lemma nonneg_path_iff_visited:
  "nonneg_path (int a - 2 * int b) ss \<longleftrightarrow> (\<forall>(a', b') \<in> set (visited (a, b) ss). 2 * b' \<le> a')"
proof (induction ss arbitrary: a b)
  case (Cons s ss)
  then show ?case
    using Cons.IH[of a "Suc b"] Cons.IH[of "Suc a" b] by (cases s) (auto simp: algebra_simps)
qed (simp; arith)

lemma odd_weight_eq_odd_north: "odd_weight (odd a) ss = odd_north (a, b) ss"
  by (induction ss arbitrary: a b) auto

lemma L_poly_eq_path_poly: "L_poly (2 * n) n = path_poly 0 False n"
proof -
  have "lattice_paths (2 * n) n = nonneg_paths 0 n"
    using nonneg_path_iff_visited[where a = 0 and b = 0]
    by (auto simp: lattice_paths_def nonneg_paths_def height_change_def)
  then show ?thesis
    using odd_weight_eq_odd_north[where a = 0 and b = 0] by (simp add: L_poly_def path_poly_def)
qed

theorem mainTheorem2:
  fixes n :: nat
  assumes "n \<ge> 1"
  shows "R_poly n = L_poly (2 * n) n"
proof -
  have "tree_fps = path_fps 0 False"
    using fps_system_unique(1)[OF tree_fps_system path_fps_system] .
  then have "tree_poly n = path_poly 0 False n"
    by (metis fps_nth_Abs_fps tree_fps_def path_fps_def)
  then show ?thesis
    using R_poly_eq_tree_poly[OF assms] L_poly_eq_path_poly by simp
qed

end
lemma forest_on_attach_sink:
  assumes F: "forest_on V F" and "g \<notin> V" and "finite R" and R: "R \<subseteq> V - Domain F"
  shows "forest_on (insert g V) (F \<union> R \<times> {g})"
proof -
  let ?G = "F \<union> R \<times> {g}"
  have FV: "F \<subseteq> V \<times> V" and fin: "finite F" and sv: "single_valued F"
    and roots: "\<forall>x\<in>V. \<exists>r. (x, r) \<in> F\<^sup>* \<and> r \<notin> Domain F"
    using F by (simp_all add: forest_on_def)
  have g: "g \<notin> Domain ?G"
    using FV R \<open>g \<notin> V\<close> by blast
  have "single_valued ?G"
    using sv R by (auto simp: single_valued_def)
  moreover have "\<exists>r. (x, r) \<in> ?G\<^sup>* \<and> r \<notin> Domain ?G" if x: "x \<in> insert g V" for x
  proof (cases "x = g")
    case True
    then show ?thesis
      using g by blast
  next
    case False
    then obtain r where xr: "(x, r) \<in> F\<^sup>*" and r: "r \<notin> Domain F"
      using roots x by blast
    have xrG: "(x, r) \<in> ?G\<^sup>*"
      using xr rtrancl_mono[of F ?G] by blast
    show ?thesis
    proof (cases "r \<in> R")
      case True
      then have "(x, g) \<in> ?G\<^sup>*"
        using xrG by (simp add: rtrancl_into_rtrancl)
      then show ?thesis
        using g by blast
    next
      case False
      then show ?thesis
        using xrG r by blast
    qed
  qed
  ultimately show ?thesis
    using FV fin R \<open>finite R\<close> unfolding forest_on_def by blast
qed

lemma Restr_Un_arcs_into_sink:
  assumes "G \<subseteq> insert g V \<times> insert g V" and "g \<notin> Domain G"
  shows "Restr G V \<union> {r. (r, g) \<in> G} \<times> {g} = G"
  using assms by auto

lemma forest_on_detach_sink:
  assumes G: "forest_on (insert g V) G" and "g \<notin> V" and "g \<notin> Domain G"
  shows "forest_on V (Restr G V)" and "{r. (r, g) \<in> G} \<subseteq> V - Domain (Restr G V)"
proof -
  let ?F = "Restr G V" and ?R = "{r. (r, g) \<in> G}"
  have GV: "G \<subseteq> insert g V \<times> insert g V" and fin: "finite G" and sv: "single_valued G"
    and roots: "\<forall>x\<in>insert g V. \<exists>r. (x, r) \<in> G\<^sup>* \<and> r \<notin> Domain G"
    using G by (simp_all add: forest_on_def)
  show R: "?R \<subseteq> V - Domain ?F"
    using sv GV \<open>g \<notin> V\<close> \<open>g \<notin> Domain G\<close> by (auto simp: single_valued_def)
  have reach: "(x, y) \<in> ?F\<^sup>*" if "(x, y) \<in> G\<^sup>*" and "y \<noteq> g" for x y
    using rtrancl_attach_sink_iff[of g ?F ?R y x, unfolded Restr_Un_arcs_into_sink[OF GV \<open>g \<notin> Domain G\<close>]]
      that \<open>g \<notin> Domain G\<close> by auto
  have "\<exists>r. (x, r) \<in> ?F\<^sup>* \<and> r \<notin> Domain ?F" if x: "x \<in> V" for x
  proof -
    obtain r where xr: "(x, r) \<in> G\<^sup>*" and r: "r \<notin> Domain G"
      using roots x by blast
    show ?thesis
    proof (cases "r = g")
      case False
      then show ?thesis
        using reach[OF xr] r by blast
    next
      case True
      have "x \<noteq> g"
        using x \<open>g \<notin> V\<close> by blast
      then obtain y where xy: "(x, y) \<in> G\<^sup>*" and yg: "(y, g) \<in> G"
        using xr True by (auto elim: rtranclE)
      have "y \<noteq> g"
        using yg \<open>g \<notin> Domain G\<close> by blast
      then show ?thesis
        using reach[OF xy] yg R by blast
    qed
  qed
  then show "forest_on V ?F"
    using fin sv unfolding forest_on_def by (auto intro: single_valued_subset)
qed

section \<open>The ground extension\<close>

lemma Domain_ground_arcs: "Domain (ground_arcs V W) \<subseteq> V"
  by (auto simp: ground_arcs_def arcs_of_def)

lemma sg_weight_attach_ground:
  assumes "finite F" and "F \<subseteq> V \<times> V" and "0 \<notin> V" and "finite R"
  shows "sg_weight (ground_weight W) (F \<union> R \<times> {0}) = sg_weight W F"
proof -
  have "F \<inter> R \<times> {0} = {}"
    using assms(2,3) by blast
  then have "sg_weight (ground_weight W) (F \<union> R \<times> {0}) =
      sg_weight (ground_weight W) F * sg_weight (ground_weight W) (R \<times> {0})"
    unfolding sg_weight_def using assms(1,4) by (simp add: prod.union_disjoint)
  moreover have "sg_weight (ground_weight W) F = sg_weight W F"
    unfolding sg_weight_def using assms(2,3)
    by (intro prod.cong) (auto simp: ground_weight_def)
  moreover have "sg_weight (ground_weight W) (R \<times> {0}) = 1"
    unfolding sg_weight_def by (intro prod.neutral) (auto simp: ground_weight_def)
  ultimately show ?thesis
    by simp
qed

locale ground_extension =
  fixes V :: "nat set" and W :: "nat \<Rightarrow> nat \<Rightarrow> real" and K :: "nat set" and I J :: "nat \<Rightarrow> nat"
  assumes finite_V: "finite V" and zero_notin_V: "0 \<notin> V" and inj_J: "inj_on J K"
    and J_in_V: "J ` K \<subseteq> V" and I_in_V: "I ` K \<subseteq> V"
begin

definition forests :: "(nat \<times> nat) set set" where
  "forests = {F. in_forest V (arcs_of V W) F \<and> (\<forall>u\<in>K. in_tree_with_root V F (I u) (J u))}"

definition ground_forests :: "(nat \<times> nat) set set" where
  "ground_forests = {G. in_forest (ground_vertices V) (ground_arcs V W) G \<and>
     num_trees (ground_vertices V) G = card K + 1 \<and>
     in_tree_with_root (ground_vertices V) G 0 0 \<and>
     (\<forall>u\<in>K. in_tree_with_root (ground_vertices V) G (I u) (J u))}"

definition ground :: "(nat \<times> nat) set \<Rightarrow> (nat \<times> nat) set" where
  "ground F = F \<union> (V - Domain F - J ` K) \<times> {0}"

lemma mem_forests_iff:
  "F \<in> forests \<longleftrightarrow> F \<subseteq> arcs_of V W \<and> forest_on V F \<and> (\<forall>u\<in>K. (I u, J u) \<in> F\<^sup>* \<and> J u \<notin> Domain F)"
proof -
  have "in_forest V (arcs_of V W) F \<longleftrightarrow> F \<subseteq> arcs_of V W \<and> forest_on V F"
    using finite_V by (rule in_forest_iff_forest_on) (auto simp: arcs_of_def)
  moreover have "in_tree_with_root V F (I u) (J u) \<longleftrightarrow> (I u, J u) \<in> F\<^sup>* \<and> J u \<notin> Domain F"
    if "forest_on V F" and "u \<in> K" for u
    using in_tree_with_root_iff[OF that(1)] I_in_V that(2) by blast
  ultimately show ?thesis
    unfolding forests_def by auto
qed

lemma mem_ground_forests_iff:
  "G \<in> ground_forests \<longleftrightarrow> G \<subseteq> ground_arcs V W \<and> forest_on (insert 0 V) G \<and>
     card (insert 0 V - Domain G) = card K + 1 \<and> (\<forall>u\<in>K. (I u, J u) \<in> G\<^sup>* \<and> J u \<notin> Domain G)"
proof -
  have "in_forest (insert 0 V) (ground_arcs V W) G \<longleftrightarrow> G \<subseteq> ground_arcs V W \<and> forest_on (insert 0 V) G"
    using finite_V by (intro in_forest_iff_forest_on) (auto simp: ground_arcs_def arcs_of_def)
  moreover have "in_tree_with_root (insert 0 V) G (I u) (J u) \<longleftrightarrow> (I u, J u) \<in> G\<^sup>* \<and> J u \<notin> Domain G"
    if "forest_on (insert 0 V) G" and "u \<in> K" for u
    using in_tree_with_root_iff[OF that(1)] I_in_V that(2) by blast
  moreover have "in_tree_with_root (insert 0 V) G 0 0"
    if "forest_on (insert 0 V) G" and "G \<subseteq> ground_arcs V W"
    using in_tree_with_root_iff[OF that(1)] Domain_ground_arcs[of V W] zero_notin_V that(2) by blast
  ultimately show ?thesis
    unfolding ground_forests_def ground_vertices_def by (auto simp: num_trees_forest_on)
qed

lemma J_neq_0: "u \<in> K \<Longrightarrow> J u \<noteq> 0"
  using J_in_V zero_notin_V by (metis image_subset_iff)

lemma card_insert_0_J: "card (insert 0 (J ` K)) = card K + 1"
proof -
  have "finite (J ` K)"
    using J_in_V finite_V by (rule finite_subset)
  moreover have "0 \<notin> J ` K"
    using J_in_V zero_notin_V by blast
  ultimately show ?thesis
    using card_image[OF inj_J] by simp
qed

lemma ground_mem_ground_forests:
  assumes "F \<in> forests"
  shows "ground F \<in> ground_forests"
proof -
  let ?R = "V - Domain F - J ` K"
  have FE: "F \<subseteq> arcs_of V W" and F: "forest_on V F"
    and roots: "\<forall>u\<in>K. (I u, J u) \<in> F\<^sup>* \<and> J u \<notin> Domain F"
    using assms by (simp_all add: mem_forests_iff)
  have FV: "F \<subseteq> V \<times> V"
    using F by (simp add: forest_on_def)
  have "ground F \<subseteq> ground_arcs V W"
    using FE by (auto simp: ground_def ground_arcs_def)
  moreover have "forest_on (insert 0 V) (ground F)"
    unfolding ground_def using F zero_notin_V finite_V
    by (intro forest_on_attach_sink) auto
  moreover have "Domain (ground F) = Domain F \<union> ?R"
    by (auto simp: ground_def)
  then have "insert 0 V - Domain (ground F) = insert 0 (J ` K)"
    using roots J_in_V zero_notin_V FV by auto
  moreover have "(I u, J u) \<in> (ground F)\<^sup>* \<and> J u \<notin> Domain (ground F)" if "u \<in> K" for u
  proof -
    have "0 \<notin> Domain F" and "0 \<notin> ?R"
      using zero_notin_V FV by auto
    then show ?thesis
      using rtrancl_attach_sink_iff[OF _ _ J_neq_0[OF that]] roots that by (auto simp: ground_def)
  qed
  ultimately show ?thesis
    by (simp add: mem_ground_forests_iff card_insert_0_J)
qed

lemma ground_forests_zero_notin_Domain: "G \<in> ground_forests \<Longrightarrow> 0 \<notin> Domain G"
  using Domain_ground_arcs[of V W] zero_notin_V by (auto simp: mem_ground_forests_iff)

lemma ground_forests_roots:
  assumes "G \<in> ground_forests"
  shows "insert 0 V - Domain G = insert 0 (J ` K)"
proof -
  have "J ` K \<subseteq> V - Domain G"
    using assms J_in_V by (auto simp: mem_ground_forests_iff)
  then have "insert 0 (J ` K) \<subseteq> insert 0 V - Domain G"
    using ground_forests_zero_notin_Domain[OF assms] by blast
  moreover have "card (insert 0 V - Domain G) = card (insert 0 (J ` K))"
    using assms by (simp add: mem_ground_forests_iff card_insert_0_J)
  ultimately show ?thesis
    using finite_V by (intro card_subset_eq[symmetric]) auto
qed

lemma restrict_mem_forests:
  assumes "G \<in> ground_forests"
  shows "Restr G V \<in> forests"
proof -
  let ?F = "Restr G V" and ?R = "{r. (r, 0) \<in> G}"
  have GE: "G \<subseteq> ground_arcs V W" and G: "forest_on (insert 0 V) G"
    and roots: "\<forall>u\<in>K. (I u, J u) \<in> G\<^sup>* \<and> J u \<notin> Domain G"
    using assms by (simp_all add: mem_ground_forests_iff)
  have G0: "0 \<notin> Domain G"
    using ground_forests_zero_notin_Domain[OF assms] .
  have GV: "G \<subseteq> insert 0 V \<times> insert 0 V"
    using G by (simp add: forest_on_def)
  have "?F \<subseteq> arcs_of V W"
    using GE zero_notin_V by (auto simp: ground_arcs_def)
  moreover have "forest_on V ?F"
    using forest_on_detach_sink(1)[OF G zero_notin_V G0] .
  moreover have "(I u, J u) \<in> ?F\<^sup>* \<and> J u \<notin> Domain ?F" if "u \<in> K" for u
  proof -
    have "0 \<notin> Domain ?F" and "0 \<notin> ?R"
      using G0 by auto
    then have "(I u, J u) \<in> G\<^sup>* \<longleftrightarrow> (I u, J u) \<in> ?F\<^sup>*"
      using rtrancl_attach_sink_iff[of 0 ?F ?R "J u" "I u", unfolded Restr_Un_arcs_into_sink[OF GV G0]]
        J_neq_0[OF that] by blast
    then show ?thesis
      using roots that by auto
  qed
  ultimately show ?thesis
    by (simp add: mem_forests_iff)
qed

○ ○ ○ ○ ○ ○ ○

**What needs to be done:** Above are the records; from them, give again exactly the lines from the one containing "F \<union> (V" through the one containing "W) F \<longleftrightarrow>", both included.

**Output for this exercise:**
  "ground F = F \<union> (V - Domain F - J ` K) \<times> {0}"

lemma mem_forests_iff:
  "F \<in> forests \<longleftrightarrow> F \<subseteq> arcs_of V W \<and> forest_on V F \<and> (\<forall>u\<in>K. (I u, J u) \<in> F\<^sup>* \<and> J u \<notin> Domain F)"
proof -
  have "in_forest V (arcs_of V W) F \<longleftrightarrow> F \<subseteq> arcs_of V W \<and> forest_on V F"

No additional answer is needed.